---------- Provided records ----------

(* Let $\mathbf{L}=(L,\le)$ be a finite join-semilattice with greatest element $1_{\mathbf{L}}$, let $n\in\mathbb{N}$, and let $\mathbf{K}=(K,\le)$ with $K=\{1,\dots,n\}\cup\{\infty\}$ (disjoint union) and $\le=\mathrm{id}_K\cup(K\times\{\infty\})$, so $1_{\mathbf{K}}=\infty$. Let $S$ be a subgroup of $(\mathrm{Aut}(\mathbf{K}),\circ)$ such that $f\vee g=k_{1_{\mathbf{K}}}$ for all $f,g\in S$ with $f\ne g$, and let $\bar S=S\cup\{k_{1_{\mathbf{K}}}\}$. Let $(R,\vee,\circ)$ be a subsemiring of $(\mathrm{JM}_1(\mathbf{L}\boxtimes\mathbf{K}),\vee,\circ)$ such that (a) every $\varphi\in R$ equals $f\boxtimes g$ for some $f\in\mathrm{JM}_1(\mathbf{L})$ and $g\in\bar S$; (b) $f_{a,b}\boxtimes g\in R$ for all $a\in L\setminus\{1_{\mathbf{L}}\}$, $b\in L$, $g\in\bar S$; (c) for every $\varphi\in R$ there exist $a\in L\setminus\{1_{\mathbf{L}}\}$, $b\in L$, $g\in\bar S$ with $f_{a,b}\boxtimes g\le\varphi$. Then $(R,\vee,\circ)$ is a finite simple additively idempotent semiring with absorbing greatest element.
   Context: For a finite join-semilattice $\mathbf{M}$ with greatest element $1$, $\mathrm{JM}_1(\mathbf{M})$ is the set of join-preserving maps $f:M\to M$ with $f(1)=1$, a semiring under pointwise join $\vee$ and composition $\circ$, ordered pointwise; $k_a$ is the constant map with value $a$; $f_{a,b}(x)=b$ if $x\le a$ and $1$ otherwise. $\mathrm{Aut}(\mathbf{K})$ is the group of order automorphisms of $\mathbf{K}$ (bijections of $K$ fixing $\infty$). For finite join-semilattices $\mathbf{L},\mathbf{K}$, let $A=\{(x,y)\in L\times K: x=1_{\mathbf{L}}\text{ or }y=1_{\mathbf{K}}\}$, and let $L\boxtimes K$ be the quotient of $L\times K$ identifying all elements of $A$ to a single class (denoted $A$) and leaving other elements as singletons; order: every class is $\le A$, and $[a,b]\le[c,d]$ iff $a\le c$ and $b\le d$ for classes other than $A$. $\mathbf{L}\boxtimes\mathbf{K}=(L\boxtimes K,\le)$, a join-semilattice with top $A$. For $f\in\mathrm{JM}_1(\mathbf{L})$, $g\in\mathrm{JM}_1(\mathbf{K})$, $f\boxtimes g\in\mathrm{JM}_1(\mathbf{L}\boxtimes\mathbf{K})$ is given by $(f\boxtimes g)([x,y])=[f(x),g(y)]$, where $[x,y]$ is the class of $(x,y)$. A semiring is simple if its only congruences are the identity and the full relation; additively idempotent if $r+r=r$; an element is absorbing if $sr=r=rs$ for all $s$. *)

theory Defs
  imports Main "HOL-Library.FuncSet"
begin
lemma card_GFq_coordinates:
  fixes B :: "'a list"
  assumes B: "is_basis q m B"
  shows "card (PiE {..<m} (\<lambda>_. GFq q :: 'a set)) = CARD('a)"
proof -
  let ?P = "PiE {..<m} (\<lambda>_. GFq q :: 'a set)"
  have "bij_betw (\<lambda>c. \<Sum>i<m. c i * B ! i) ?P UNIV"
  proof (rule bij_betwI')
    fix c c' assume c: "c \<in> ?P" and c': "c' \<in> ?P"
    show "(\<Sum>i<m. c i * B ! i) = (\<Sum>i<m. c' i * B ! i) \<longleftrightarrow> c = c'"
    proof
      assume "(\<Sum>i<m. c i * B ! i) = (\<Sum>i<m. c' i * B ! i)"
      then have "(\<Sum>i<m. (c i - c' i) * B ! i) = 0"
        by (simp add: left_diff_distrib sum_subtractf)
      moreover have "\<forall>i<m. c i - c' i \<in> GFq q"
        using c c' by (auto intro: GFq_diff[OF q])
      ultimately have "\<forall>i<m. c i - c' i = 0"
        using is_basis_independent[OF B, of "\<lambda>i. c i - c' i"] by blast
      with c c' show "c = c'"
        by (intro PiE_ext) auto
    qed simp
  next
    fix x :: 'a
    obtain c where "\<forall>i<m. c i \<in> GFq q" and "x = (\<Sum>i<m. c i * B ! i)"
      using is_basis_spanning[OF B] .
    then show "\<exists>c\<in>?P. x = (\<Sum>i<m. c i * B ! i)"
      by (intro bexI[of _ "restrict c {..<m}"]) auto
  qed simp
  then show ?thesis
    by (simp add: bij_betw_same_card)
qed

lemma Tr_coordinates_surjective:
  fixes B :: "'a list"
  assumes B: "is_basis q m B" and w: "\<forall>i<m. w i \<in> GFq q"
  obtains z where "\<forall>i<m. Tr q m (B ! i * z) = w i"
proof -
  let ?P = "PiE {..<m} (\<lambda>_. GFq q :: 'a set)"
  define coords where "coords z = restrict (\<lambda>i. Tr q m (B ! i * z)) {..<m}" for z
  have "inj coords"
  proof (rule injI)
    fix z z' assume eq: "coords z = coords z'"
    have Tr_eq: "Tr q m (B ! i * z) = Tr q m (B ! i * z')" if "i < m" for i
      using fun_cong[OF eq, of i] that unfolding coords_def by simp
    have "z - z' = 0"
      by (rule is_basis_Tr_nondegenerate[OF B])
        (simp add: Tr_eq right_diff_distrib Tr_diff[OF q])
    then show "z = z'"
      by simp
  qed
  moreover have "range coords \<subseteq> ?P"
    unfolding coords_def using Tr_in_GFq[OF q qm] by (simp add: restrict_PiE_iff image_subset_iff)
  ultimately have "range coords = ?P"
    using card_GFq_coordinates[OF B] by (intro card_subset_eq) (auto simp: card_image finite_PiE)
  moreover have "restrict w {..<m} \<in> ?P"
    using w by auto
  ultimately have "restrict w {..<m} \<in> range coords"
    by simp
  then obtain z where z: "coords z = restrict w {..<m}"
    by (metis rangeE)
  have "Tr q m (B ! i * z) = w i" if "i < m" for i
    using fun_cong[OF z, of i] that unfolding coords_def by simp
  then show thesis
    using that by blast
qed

----------

» **Activity**:
From start to finish, retype the records above with complete accuracy.

» **Completed task**:
(* Let $\mathbf{L}=(L,\le)$ be a finite join-semilattice with greatest element $1_{\mathbf{L}}$, let $n\in\mathbb{N}$, and let $\mathbf{K}=(K,\le)$ with $K=\{1,\dots,n\}\cup\{\infty\}$ (disjoint union) and $\le=\mathrm{id}_K\cup(K\times\{\infty\})$, so $1_{\mathbf{K}}=\infty$. Let $S$ be a subgroup of $(\mathrm{Aut}(\mathbf{K}),\circ)$ such that $f\vee g=k_{1_{\mathbf{K}}}$ for all $f,g\in S$ with $f\ne g$, and let $\bar S=S\cup\{k_{1_{\mathbf{K}}}\}$. Let $(R,\vee,\circ)$ be a subsemiring of $(\mathrm{JM}_1(\mathbf{L}\boxtimes\mathbf{K}),\vee,\circ)$ such that (a) every $\varphi\in R$ equals $f\boxtimes g$ for some $f\in\mathrm{JM}_1(\mathbf{L})$ and $g\in\bar S$; (b) $f_{a,b}\boxtimes g\in R$ for all $a\in L\setminus\{1_{\mathbf{L}}\}$, $b\in L$, $g\in\bar S$; (c) for every $\varphi\in R$ there exist $a\in L\setminus\{1_{\mathbf{L}}\}$, $b\in L$, $g\in\bar S$ with $f_{a,b}\boxtimes g\le\varphi$. Then $(R,\vee,\circ)$ is a finite simple additively idempotent semiring with absorbing greatest element.
   Context: For a finite join-semilattice $\mathbf{M}$ with greatest element $1$, $\mathrm{JM}_1(\mathbf{M})$ is the set of join-preserving maps $f:M\to M$ with $f(1)=1$, a semiring under pointwise join $\vee$ and composition $\circ$, ordered pointwise; $k_a$ is the constant map with value $a$; $f_{a,b}(x)=b$ if $x\le a$ and $1$ otherwise. $\mathrm{Aut}(\mathbf{K})$ is the group of order automorphisms of $\mathbf{K}$ (bijections of $K$ fixing $\infty$). For finite join-semilattices $\mathbf{L},\mathbf{K}$, let $A=\{(x,y)\in L\times K: x=1_{\mathbf{L}}\text{ or }y=1_{\mathbf{K}}\}$, and let $L\boxtimes K$ be the quotient of $L\times K$ identifying all elements of $A$ to a single class (denoted $A$) and leaving other elements as singletons; order: every class is $\le A$, and $[a,b]\le[c,d]$ iff $a\le c$ and $b\le d$ for classes other than $A$. $\mathbf{L}\boxtimes\mathbf{K}=(L\boxtimes K,\le)$, a join-semilattice with top $A$. For $f\in\mathrm{JM}_1(\mathbf{L})$, $g\in\mathrm{JM}_1(\mathbf{K})$, $f\boxtimes g\in\mathrm{JM}_1(\mathbf{L}\boxtimes\mathbf{K})$ is given by $(f\boxtimes g)([x,y])=[f(x),g(y)]$, where $[x,y]$ is the class of $(x,y)$. A semiring is simple if its only congruences are the identity and the full relation; additively idempotent if $r+r=r$; an element is absorbing if $sr=r=rs$ for all $s$. *)

theory Defs
  imports Main "HOL-Library.FuncSet"
begin
lemma card_GFq_coordinates:
  fixes B :: "'a list"
  assumes B: "is_basis q m B"
  shows "card (PiE {..<m} (\<lambda>_. GFq q :: 'a set)) = CARD('a)"
proof -
  let ?P = "PiE {..<m} (\<lambda>_. GFq q :: 'a set)"
  have "bij_betw (\<lambda>c. \<Sum>i<m. c i * B ! i) ?P UNIV"
  proof (rule bij_betwI')
    fix c c' assume c: "c \<in> ?P" and c': "c' \<in> ?P"
    show "(\<Sum>i<m. c i * B ! i) = (\<Sum>i<m. c' i * B ! i) \<longleftrightarrow> c = c'"
    proof
      assume "(\<Sum>i<m. c i * B ! i) = (\<Sum>i<m. c' i * B ! i)"
      then have "(\<Sum>i<m. (c i - c' i) * B ! i) = 0"
        by (simp add: left_diff_distrib sum_subtractf)
      moreover have "\<forall>i<m. c i - c' i \<in> GFq q"
        using c c' by (auto intro: GFq_diff[OF q])
      ultimately have "\<forall>i<m. c i - c' i = 0"
        using is_basis_independent[OF B, of "\<lambda>i. c i - c' i"] by blast
      with c c' show "c = c'"
        by (intro PiE_ext) auto
    qed simp
  next
    fix x :: 'a
    obtain c where "\<forall>i<m. c i \<in> GFq q" and "x = (\<Sum>i<m. c i * B ! i)"
      using is_basis_spanning[OF B] .
    then show "\<exists>c\<in>?P. x = (\<Sum>i<m. c i * B ! i)"
      by (intro bexI[of _ "restrict c {..<m}"]) auto
  qed simp
  then show ?thesis
    by (simp add: bij_betw_same_card)
qed

lemma Tr_coordinates_surjective:
  fixes B :: "'a list"
  assumes B: "is_basis q m B" and w: "\<forall>i<m. w i \<in> GFq q"
  obtains z where "\<forall>i<m. Tr q m (B ! i * z) = w i"
proof -
  let ?P = "PiE {..<m} (\<lambda>_. GFq q :: 'a set)"
  define coords where "coords z = restrict (\<lambda>i. Tr q m (B ! i * z)) {..<m}" for z
  have "inj coords"
  proof (rule injI)
    fix z z' assume eq: "coords z = coords z'"
    have Tr_eq: "Tr q m (B ! i * z) = Tr q m (B ! i * z')" if "i < m" for i
      using fun_cong[OF eq, of i] that unfolding coords_def by simp
    have "z - z' = 0"
      by (rule is_basis_Tr_nondegenerate[OF B])
        (simp add: Tr_eq right_diff_distrib Tr_diff[OF q])
    then show "z = z'"
      by simp
  qed
  moreover have "range coords \<subseteq> ?P"
    unfolding coords_def using Tr_in_GFq[OF q qm] by (simp add: restrict_PiE_iff image_subset_iff)
  ultimately have "range coords = ?P"
    using card_GFq_coordinates[OF B] by (intro card_subset_eq) (auto simp: card_image finite_PiE)
  moreover have "restrict w {..<m} \<in> ?P"
    using w by auto
  ultimately have "restrict w {..<m} \<in> range coords"
    by simp
  then obtain z where z: "coords z = restrict w {..<m}"
    by (metis rangeE)
  have "Tr q m (B ! i * z) = w i" if "i < m" for i
    using fun_cong[OF z, of i] that unfolding coords_def by simp
  then show thesis
    using that by blast
qed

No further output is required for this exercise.